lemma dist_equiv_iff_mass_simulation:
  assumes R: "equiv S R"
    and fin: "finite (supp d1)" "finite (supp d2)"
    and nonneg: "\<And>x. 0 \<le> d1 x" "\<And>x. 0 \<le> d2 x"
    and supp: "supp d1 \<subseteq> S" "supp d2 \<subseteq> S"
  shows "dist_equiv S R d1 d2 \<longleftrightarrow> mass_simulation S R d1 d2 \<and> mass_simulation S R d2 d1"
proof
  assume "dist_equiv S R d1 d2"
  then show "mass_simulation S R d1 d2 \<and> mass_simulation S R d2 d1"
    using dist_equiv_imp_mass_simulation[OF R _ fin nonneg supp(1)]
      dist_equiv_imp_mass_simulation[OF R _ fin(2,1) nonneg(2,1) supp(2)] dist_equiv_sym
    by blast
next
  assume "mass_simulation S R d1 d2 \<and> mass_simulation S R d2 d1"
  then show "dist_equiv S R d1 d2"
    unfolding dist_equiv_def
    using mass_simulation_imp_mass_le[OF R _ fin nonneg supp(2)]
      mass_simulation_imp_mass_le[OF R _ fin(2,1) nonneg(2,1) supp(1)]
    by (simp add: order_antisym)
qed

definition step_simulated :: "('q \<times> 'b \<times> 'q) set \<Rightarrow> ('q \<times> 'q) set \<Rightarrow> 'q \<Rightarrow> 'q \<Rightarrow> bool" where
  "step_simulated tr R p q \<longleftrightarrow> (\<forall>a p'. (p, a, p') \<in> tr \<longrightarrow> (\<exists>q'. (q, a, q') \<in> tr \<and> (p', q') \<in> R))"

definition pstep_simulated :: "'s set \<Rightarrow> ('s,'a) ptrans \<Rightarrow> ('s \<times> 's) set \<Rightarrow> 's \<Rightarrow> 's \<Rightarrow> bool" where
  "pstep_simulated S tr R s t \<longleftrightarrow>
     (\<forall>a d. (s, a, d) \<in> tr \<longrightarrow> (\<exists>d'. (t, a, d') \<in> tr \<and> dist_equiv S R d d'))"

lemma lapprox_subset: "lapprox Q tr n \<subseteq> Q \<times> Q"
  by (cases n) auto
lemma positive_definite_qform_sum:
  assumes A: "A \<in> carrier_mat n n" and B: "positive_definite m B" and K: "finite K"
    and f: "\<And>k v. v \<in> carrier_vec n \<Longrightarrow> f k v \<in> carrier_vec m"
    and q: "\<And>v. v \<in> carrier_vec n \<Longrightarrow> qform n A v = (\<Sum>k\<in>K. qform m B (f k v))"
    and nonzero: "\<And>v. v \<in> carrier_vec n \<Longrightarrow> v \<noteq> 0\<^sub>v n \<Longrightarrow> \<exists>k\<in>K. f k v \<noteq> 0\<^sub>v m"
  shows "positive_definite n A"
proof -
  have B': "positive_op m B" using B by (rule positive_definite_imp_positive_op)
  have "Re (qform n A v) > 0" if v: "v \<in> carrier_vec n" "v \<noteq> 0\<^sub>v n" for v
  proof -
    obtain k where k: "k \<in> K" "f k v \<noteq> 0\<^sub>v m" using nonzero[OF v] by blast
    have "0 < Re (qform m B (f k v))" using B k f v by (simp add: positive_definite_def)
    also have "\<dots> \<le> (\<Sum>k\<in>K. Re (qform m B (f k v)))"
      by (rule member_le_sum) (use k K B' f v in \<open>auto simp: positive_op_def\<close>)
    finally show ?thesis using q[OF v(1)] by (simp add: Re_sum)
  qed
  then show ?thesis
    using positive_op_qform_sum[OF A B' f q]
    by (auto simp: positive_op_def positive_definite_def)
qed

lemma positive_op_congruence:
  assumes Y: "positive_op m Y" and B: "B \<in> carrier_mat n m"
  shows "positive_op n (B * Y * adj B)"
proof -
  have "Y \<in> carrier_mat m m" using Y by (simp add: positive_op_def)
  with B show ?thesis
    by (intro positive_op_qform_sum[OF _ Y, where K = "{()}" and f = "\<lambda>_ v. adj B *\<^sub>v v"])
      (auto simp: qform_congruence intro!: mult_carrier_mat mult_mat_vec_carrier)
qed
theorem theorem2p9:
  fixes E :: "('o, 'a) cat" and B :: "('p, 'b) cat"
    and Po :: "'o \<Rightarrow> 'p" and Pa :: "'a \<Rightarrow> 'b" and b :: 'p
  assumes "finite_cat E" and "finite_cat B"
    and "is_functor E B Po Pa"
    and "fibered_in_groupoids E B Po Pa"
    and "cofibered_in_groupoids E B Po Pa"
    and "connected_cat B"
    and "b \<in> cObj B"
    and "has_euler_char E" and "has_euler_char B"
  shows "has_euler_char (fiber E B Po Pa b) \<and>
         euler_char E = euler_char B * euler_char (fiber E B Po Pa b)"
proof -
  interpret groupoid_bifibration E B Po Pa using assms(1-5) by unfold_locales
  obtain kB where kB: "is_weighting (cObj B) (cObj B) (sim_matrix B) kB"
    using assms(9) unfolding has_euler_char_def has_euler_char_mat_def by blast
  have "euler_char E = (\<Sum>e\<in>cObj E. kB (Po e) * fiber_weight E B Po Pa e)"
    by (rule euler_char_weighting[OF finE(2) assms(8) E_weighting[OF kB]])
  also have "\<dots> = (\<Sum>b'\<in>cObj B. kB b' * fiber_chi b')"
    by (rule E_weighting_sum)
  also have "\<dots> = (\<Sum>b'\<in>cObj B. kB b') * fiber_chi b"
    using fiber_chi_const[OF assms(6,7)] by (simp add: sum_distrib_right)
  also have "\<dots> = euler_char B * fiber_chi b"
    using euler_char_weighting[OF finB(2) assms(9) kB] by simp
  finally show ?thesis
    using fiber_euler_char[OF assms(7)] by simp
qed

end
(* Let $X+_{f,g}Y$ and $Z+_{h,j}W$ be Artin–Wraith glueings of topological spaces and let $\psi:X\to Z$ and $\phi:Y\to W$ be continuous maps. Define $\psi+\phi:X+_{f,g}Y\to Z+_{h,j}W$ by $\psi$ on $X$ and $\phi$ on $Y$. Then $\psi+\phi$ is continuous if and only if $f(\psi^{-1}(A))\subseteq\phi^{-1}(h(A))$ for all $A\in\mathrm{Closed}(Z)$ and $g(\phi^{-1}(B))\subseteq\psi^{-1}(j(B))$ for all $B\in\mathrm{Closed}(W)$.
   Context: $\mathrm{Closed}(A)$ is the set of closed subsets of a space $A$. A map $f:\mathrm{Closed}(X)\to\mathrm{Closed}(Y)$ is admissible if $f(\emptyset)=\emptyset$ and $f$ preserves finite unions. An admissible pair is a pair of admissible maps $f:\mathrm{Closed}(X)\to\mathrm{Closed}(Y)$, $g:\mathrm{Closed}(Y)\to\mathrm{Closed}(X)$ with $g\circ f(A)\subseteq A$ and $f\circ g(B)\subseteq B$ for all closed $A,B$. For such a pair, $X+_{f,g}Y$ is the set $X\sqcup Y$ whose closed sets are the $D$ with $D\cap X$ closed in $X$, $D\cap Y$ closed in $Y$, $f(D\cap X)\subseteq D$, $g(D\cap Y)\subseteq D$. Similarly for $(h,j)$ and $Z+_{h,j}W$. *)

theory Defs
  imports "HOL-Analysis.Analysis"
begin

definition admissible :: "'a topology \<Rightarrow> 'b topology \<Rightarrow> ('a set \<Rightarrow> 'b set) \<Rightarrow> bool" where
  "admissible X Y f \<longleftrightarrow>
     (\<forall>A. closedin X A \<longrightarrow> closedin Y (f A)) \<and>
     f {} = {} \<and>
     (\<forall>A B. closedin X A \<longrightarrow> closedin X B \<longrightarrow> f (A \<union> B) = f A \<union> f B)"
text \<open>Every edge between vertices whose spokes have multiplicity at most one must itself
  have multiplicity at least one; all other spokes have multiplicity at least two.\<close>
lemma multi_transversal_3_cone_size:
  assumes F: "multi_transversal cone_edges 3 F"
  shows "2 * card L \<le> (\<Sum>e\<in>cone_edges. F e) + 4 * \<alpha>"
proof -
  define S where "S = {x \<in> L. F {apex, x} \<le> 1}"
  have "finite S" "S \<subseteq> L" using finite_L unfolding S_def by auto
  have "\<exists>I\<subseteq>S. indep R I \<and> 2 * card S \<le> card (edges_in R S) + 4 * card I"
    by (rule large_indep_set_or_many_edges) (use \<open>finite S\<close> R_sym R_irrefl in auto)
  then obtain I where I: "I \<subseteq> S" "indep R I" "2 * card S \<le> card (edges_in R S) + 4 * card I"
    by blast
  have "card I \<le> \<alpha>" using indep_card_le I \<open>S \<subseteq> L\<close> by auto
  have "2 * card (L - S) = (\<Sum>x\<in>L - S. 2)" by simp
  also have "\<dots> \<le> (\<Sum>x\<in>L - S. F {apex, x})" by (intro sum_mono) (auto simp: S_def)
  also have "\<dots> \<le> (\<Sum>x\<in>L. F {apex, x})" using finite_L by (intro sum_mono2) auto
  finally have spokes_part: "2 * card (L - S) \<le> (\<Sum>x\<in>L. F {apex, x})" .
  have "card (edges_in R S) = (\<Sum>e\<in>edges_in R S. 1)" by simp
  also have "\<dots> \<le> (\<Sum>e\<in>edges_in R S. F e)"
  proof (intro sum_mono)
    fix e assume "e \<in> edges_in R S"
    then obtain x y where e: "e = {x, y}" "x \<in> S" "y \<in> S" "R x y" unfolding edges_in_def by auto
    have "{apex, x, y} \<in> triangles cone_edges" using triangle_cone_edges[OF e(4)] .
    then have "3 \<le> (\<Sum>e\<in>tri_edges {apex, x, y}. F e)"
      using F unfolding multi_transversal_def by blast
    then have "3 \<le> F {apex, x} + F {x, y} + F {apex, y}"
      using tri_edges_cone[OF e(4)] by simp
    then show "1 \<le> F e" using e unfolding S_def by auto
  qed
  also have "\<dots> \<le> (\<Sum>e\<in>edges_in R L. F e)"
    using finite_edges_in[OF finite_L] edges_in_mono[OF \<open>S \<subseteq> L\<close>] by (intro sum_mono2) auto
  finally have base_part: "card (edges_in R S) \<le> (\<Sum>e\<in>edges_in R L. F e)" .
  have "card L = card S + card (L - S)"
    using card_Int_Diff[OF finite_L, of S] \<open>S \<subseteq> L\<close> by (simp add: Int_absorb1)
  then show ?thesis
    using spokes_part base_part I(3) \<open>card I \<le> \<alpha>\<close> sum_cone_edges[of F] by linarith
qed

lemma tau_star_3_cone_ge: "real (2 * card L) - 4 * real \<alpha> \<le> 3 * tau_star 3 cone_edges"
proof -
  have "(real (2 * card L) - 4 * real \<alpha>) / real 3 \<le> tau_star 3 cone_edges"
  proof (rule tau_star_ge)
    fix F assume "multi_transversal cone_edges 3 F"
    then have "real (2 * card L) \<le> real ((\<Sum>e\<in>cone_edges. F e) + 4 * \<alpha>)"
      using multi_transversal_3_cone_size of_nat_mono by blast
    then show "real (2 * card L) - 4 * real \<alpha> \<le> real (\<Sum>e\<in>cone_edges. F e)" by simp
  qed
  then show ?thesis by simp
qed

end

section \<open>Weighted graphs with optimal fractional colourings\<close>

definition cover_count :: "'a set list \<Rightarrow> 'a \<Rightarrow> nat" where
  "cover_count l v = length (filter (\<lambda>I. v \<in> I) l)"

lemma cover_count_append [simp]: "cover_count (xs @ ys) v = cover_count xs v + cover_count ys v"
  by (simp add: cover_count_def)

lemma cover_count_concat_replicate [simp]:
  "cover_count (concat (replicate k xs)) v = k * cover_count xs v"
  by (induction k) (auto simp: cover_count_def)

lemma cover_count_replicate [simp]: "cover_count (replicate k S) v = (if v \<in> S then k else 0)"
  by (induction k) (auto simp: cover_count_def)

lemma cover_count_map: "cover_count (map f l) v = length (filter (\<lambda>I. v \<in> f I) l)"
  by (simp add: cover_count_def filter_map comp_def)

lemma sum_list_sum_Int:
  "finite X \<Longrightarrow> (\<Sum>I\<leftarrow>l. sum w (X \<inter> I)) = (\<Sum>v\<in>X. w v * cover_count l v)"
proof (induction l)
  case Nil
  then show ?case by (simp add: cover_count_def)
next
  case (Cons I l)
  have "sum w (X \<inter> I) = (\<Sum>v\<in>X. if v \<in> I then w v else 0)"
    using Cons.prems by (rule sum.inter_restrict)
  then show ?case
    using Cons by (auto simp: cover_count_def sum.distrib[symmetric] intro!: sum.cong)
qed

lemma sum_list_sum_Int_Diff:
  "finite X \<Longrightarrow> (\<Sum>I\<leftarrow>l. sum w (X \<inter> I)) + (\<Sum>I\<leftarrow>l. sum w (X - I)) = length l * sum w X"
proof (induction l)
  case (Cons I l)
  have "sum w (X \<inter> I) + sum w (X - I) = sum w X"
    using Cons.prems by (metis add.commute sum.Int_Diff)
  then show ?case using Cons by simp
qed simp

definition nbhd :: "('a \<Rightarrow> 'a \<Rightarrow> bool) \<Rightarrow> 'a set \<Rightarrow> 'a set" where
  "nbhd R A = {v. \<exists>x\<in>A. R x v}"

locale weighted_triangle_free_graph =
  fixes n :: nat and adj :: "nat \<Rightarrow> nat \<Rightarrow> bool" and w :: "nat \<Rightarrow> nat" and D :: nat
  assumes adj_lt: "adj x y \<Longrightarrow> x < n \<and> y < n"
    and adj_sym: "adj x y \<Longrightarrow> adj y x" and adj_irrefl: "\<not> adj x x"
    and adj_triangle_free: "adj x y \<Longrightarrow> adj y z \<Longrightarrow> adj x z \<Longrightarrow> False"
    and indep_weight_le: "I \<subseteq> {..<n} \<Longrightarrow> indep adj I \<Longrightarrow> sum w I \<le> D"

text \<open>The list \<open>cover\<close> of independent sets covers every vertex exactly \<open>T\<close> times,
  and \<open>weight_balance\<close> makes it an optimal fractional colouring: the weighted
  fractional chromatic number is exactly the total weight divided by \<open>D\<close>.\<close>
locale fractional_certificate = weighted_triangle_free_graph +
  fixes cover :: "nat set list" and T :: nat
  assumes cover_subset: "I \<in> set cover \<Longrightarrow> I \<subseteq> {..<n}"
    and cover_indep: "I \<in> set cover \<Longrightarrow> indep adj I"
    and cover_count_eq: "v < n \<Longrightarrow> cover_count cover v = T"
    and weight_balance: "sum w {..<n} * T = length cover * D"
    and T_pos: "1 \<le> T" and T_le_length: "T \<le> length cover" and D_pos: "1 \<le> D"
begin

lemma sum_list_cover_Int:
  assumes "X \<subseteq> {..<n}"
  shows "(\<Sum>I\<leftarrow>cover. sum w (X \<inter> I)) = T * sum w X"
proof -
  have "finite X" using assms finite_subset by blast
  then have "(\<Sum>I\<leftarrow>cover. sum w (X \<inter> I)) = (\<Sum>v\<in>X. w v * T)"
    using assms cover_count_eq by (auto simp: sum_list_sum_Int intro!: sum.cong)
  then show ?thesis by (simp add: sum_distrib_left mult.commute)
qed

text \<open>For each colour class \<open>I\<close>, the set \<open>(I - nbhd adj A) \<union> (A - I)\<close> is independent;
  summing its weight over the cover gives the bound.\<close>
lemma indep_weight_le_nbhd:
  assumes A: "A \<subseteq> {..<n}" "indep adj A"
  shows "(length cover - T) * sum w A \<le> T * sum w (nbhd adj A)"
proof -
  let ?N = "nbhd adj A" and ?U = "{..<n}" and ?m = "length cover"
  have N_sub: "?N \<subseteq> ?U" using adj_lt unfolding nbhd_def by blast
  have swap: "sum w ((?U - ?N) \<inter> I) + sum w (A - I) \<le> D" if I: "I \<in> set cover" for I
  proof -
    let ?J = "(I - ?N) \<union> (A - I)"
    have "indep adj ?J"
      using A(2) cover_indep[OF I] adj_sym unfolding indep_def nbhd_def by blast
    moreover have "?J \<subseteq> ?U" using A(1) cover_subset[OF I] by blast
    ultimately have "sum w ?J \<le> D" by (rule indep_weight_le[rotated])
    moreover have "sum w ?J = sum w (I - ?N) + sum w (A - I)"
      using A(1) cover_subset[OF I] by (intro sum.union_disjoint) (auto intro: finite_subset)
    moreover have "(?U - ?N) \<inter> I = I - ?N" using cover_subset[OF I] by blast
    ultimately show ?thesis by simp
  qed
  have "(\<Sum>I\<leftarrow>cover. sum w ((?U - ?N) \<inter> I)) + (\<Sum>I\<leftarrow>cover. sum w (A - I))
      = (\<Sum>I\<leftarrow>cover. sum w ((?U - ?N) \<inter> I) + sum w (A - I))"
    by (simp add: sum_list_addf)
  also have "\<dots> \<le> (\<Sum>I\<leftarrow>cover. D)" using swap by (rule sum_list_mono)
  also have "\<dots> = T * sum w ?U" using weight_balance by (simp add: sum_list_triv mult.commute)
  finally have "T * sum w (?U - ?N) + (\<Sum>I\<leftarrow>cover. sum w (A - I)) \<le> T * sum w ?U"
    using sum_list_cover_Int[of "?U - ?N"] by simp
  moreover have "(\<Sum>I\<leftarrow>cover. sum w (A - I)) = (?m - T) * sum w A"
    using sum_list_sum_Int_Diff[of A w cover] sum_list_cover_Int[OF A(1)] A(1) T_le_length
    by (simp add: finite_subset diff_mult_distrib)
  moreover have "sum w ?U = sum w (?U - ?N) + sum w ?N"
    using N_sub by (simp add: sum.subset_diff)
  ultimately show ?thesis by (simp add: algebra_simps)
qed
---*---
=== What you should do ===
Only the number should be given: the count of lines above that hold the word "exists".

=== Answer space ===
5